## EXERCISE GOAL
Give back every entry in full, exactly as it reads.

(Stored data)
(* Suppose $\mathcal{A}:S^{n\times n\times k}\to\mathbb{R}^m$ satisfies $\mathrm{RIP}(r+1,\delta_1)$ with $0<\delta_1<1$. Then $\mathcal{A}$ satisfies $\mathrm{S2SRIP}(r,\sqrt{kr}\,\delta_1)$, i.e. $\|(\mathcal{I}-\mathcal{A}^*\mathcal{A})(\bm{\mathcal{Z}})\|\le\sqrt{kr}\,\delta_1\|\bm{\mathcal{Z}}\|$ for all $\bm{\mathcal{Z}}\in S^{n\times n\times k}$ of tubal rank at most $r$.
   Context: Tensors are real $n\times n\times k$. Fourier slices $\overline{\bm{\mathcal{T}}}^{(j)}(i,i')=\sum_{j'}\bm{\mathcal{T}}(i,i',j')e^{-\sqrt{-1}\,2\pi(j-1)(j'-1)/k}$, $\overline{\bm{\mathcal{T}}}=\mathrm{blockdiag}(\overline{\bm{\mathcal{T}}}^{(j)})_j$; spectral norm $\|\bm{\mathcal{T}}\|=\|\overline{\bm{\mathcal{T}}}\|$. t-product: tube-wise circular convolution; transpose: transpose each frontal slice and reverse slices $2,\dots,k$; $S^{n\times n\times k}$: tubal-symmetric tensors ($\bm{\mathcal{T}}^\top=\bm{\mathcal{T}}$). Tubal rank: number of nonzero diagonal tubes of $\bm{\Sigma}$ in a t-SVD $\bm{\mathcal{T}}=\bm{\mathcal{U}}*\bm{\Sigma}*\bm{\mathcal{V}}^\top$. $\mathcal{A}(\bm{\mathcal{Z}})_i=\langle\bm{\mathcal{A}}_i,\bm{\mathcal{Z}}\rangle$ (entrywise inner product) with $\bm{\mathcal{A}}_i\in S^{n\times n\times k}$, $\mathcal{A}^*z=\sum_iz_i\bm{\mathcal{A}}_i$. $\mathrm{RIP}(s,\delta)$: $(1-\delta)\|\bm{\mathcal{Z}}\|_F^2\le\|\mathcal{A}(\bm{\mathcal{Z}})\|_2^2\le(1+\delta)\|\bm{\mathcal{Z}}\|_F^2$ for all $\bm{\mathcal{Z}}\in S^{n\times n\times k}$ of tubal rank $\le s$. $\mathrm{S2SRIP}(r,\delta)$: $\|(\mathcal{I}-\mathcal{A}^*\mathcal{A})(\bm{\mathcal{Z}})\|\le\delta\|\bm{\mathcal{Z}}\|$ for all $\bm{\mathcal{Z}}\in S^{n\times n\times k}$ of tubal rank $\le r$. *)

theory Defs
  imports Complex_Main
begin

text \<open>Tensors in R^(n x n x k) are represented as functions nat => nat => nat => real,
  indexed from 0 (entry (i,i',j) with i,i' < n, j < k) and zero outside this range.\<close>

type_synonym tensor = "nat \<Rightarrow> nat \<Rightarrow> nat \<Rightarrow> real"

definition valid_tensor :: "nat \<Rightarrow> nat \<Rightarrow> tensor \<Rightarrow> bool" where
  "valid_tensor n k T \<longleftrightarrow> (\<forall>i i' j. \<not> (i < n \<and> i' < n \<and> j < k) \<longrightarrow> T i i' j = 0)"

definition tprod :: "nat \<Rightarrow> nat \<Rightarrow> tensor \<Rightarrow> tensor \<Rightarrow> tensor" where
  "tprod n k A B = (\<lambda>i l j. if i < n \<and> l < n \<and> j < k
      then (\<Sum>p<n. \<Sum>j'<k. A i p j' * B p l ((j + k - j') mod k)) else 0)"

text \<open>Transpose: transpose each frontal slice and reverse slices 2..k.\<close>
definition ttrans :: "nat \<Rightarrow> nat \<Rightarrow> tensor \<Rightarrow> tensor" where
  "ttrans n k T = (\<lambda>i i' j. if i < n \<and> i' < n \<and> j < k then T i' i ((k - j) mod k) else 0)"

definition tid :: "nat \<Rightarrow> nat \<Rightarrow> tensor" where
  "tid n k = (\<lambda>i i' j. if i < n \<and> i = i' \<and> j = 0 \<and> j < k then 1 else 0)"

definition torth :: "nat \<Rightarrow> nat \<Rightarrow> tensor \<Rightarrow> bool" where
  "torth n k U \<longleftrightarrow> valid_tensor n k U \<and>
     tprod n k (ttrans n k U) U = tid n k \<and> tprod n k U (ttrans n k U) = tid n k"

definition fdiag :: "nat \<Rightarrow> nat \<Rightarrow> tensor \<Rightarrow> bool" where
  "fdiag n k S \<longleftrightarrow> valid_tensor n k S \<and> (\<forall>i i' j. i \<noteq> i' \<longrightarrow> S i i' j = 0)"

definition is_tsvd :: "nat \<Rightarrow> nat \<Rightarrow> tensor \<Rightarrow> tensor \<Rightarrow> tensor \<Rightarrow> tensor \<Rightarrow> bool" where
  "is_tsvd n k T U S V \<longleftrightarrow> torth n k U \<and> torth n k V \<and> fdiag n k S \<and>
     T = tprod n k (tprod n k U S) (ttrans n k V)"

definition nonzero_tubes :: "nat \<Rightarrow> nat \<Rightarrow> tensor \<Rightarrow> nat" where
  "nonzero_tubes n k S = card {i. i < n \<and> (\<exists>j<k. S i i j \<noteq> 0)}"

text \<open>Tubal rank: number of nonzero diagonal tubes of Sigma in a t-SVD
  (taken minimal over all t-SVDs; this is independent of the choice for ordered t-SVDs).\<close>
definition tubal_rank :: "nat \<Rightarrow> nat \<Rightarrow> tensor \<Rightarrow> nat" where
  "tubal_rank n k T = (LEAST s. \<exists>U S V. is_tsvd n k T U S V \<and> s = nonzero_tubes n k S)"

definition tsym :: "nat \<Rightarrow> nat \<Rightarrow> tensor set" where
  "tsym n k = {T. valid_tensor n k T \<and> ttrans n k T = T}"

definition tinner :: "nat \<Rightarrow> nat \<Rightarrow> tensor \<Rightarrow> tensor \<Rightarrow> real" where
  "tinner n k A B = (\<Sum>i<n. \<Sum>i'<n. \<Sum>j<k. A i i' j * B i i' j)"

definition fro_norm :: "nat \<Rightarrow> nat \<Rightarrow> tensor \<Rightarrow> real" where
  "fro_norm n k T = sqrt (tinner n k T T)"

definition fslice :: "nat \<Rightarrow> tensor \<Rightarrow> nat \<Rightarrow> nat \<Rightarrow> nat \<Rightarrow> complex" where
  "fslice k T j i i' = (\<Sum>j'<k. complex_of_real (T i i' j') *
      exp (- \<i> * complex_of_real (2 * pi * real j * real j' / real k)))"

definition blockdiag :: "nat \<Rightarrow> nat \<Rightarrow> tensor \<Rightarrow> nat \<Rightarrow> nat \<Rightarrow> complex" where
  "blockdiag n k T p q = (if p < n * k \<and> q < n * k \<and> p div n = q div n
      then fslice k T (p div n) (p mod n) (q mod n) else 0)"

definition cvnorm :: "nat \<Rightarrow> (nat \<Rightarrow> complex) \<Rightarrow> real" where
  "cvnorm N x = sqrt (\<Sum>p<N. (cmod (x p))\<^sup>2)"

definition cmatvec :: "nat \<Rightarrow> (nat \<Rightarrow> nat \<Rightarrow> complex) \<Rightarrow> (nat \<Rightarrow> complex) \<Rightarrow> nat \<Rightarrow> complex" where
  "cmatvec N M x = (\<lambda>p. \<Sum>q<N. M p q * x q)"

definition cmat_opnorm :: "nat \<Rightarrow> (nat \<Rightarrow> nat \<Rightarrow> complex) \<Rightarrow> real" where
  "cmat_opnorm N M = Sup {cvnorm N (cmatvec N M x) | x. cvnorm N x \<le> 1}"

## REPLY
(* Suppose $\mathcal{A}:S^{n\times n\times k}\to\mathbb{R}^m$ satisfies $\mathrm{RIP}(r+1,\delta_1)$ with $0<\delta_1<1$. Then $\mathcal{A}$ satisfies $\mathrm{S2SRIP}(r,\sqrt{kr}\,\delta_1)$, i.e. $\|(\mathcal{I}-\mathcal{A}^*\mathcal{A})(\bm{\mathcal{Z}})\|\le\sqrt{kr}\,\delta_1\|\bm{\mathcal{Z}}\|$ for all $\bm{\mathcal{Z}}\in S^{n\times n\times k}$ of tubal rank at most $r$.
   Context: Tensors are real $n\times n\times k$. Fourier slices $\overline{\bm{\mathcal{T}}}^{(j)}(i,i')=\sum_{j'}\bm{\mathcal{T}}(i,i',j')e^{-\sqrt{-1}\,2\pi(j-1)(j'-1)/k}$, $\overline{\bm{\mathcal{T}}}=\mathrm{blockdiag}(\overline{\bm{\mathcal{T}}}^{(j)})_j$; spectral norm $\|\bm{\mathcal{T}}\|=\|\overline{\bm{\mathcal{T}}}\|$. t-product: tube-wise circular convolution; transpose: transpose each frontal slice and reverse slices $2,\dots,k$; $S^{n\times n\times k}$: tubal-symmetric tensors ($\bm{\mathcal{T}}^\top=\bm{\mathcal{T}}$). Tubal rank: number of nonzero diagonal tubes of $\bm{\Sigma}$ in a t-SVD $\bm{\mathcal{T}}=\bm{\mathcal{U}}*\bm{\Sigma}*\bm{\mathcal{V}}^\top$. $\mathcal{A}(\bm{\mathcal{Z}})_i=\langle\bm{\mathcal{A}}_i,\bm{\mathcal{Z}}\rangle$ (entrywise inner product) with $\bm{\mathcal{A}}_i\in S^{n\times n\times k}$, $\mathcal{A}^*z=\sum_iz_i\bm{\mathcal{A}}_i$. $\mathrm{RIP}(s,\delta)$: $(1-\delta)\|\bm{\mathcal{Z}}\|_F^2\le\|\mathcal{A}(\bm{\mathcal{Z}})\|_2^2\le(1+\delta)\|\bm{\mathcal{Z}}\|_F^2$ for all $\bm{\mathcal{Z}}\in S^{n\times n\times k}$ of tubal rank $\le s$. $\mathrm{S2SRIP}(r,\delta)$: $\|(\mathcal{I}-\mathcal{A}^*\mathcal{A})(\bm{\mathcal{Z}})\|\le\delta\|\bm{\mathcal{Z}}\|$ for all $\bm{\mathcal{Z}}\in S^{n\times n\times k}$ of tubal rank $\le r$. *)

theory Defs
  imports Complex_Main
begin

text \<open>Tensors in R^(n x n x k) are represented as functions nat => nat => nat => real,
  indexed from 0 (entry (i,i',j) with i,i' < n, j < k) and zero outside this range.\<close>

type_synonym tensor = "nat \<Rightarrow> nat \<Rightarrow> nat \<Rightarrow> real"

definition valid_tensor :: "nat \<Rightarrow> nat \<Rightarrow> tensor \<Rightarrow> bool" where
  "valid_tensor n k T \<longleftrightarrow> (\<forall>i i' j. \<not> (i < n \<and> i' < n \<and> j < k) \<longrightarrow> T i i' j = 0)"

definition tprod :: "nat \<Rightarrow> nat \<Rightarrow> tensor \<Rightarrow> tensor \<Rightarrow> tensor" where
  "tprod n k A B = (\<lambda>i l j. if i < n \<and> l < n \<and> j < k
      then (\<Sum>p<n. \<Sum>j'<k. A i p j' * B p l ((j + k - j') mod k)) else 0)"

text \<open>Transpose: transpose each frontal slice and reverse slices 2..k.\<close>
definition ttrans :: "nat \<Rightarrow> nat \<Rightarrow> tensor \<Rightarrow> tensor" where
  "ttrans n k T = (\<lambda>i i' j. if i < n \<and> i' < n \<and> j < k then T i' i ((k - j) mod k) else 0)"

definition tid :: "nat \<Rightarrow> nat \<Rightarrow> tensor" where
  "tid n k = (\<lambda>i i' j. if i < n \<and> i = i' \<and> j = 0 \<and> j < k then 1 else 0)"

definition torth :: "nat \<Rightarrow> nat \<Rightarrow> tensor \<Rightarrow> bool" where
  "torth n k U \<longleftrightarrow> valid_tensor n k U \<and>
     tprod n k (ttrans n k U) U = tid n k \<and> tprod n k U (ttrans n k U) = tid n k"

definition fdiag :: "nat \<Rightarrow> nat \<Rightarrow> tensor \<Rightarrow> bool" where
  "fdiag n k S \<longleftrightarrow> valid_tensor n k S \<and> (\<forall>i i' j. i \<noteq> i' \<longrightarrow> S i i' j = 0)"

definition is_tsvd :: "nat \<Rightarrow> nat \<Rightarrow> tensor \<Rightarrow> tensor \<Rightarrow> tensor \<Rightarrow> tensor \<Rightarrow> bool" where
  "is_tsvd n k T U S V \<longleftrightarrow> torth n k U \<and> torth n k V \<and> fdiag n k S \<and>
     T = tprod n k (tprod n k U S) (ttrans n k V)"

definition nonzero_tubes :: "nat \<Rightarrow> nat \<Rightarrow> tensor \<Rightarrow> nat" where
  "nonzero_tubes n k S = card {i. i < n \<and> (\<exists>j<k. S i i j \<noteq> 0)}"

text \<open>Tubal rank: number of nonzero diagonal tubes of Sigma in a t-SVD
  (taken minimal over all t-SVDs; this is independent of the choice for ordered t-SVDs).\<close>
definition tubal_rank :: "nat \<Rightarrow> nat \<Rightarrow> tensor \<Rightarrow> nat" where
  "tubal_rank n k T = (LEAST s. \<exists>U S V. is_tsvd n k T U S V \<and> s = nonzero_tubes n k S)"

definition tsym :: "nat \<Rightarrow> nat \<Rightarrow> tensor set" where
  "tsym n k = {T. valid_tensor n k T \<and> ttrans n k T = T}"

definition tinner :: "nat \<Rightarrow> nat \<Rightarrow> tensor \<Rightarrow> tensor \<Rightarrow> real" where
  "tinner n k A B = (\<Sum>i<n. \<Sum>i'<n. \<Sum>j<k. A i i' j * B i i' j)"

definition fro_norm :: "nat \<Rightarrow> nat \<Rightarrow> tensor \<Rightarrow> real" where
  "fro_norm n k T = sqrt (tinner n k T T)"

definition fslice :: "nat \<Rightarrow> tensor \<Rightarrow> nat \<Rightarrow> nat \<Rightarrow> nat \<Rightarrow> complex" where
  "fslice k T j i i' = (\<Sum>j'<k. complex_of_real (T i i' j') *
      exp (- \<i> * complex_of_real (2 * pi * real j * real j' / real k)))"

definition blockdiag :: "nat \<Rightarrow> nat \<Rightarrow> tensor \<Rightarrow> nat \<Rightarrow> nat \<Rightarrow> complex" where
  "blockdiag n k T p q = (if p < n * k \<and> q < n * k \<and> p div n = q div n
      then fslice k T (p div n) (p mod n) (q mod n) else 0)"

definition cvnorm :: "nat \<Rightarrow> (nat \<Rightarrow> complex) \<Rightarrow> real" where
  "cvnorm N x = sqrt (\<Sum>p<N. (cmod (x p))\<^sup>2)"

definition cmatvec :: "nat \<Rightarrow> (nat \<Rightarrow> nat \<Rightarrow> complex) \<Rightarrow> (nat \<Rightarrow> complex) \<Rightarrow> nat \<Rightarrow> complex" where
  "cmatvec N M x = (\<lambda>p. \<Sum>q<N. M p q * x q)"

definition cmat_opnorm :: "nat \<Rightarrow> (nat \<Rightarrow> nat \<Rightarrow> complex) \<Rightarrow> real" where
  "cmat_opnorm N M = Sup {cvnorm N (cmatvec N M x) | x. cvnorm N x \<le> 1}"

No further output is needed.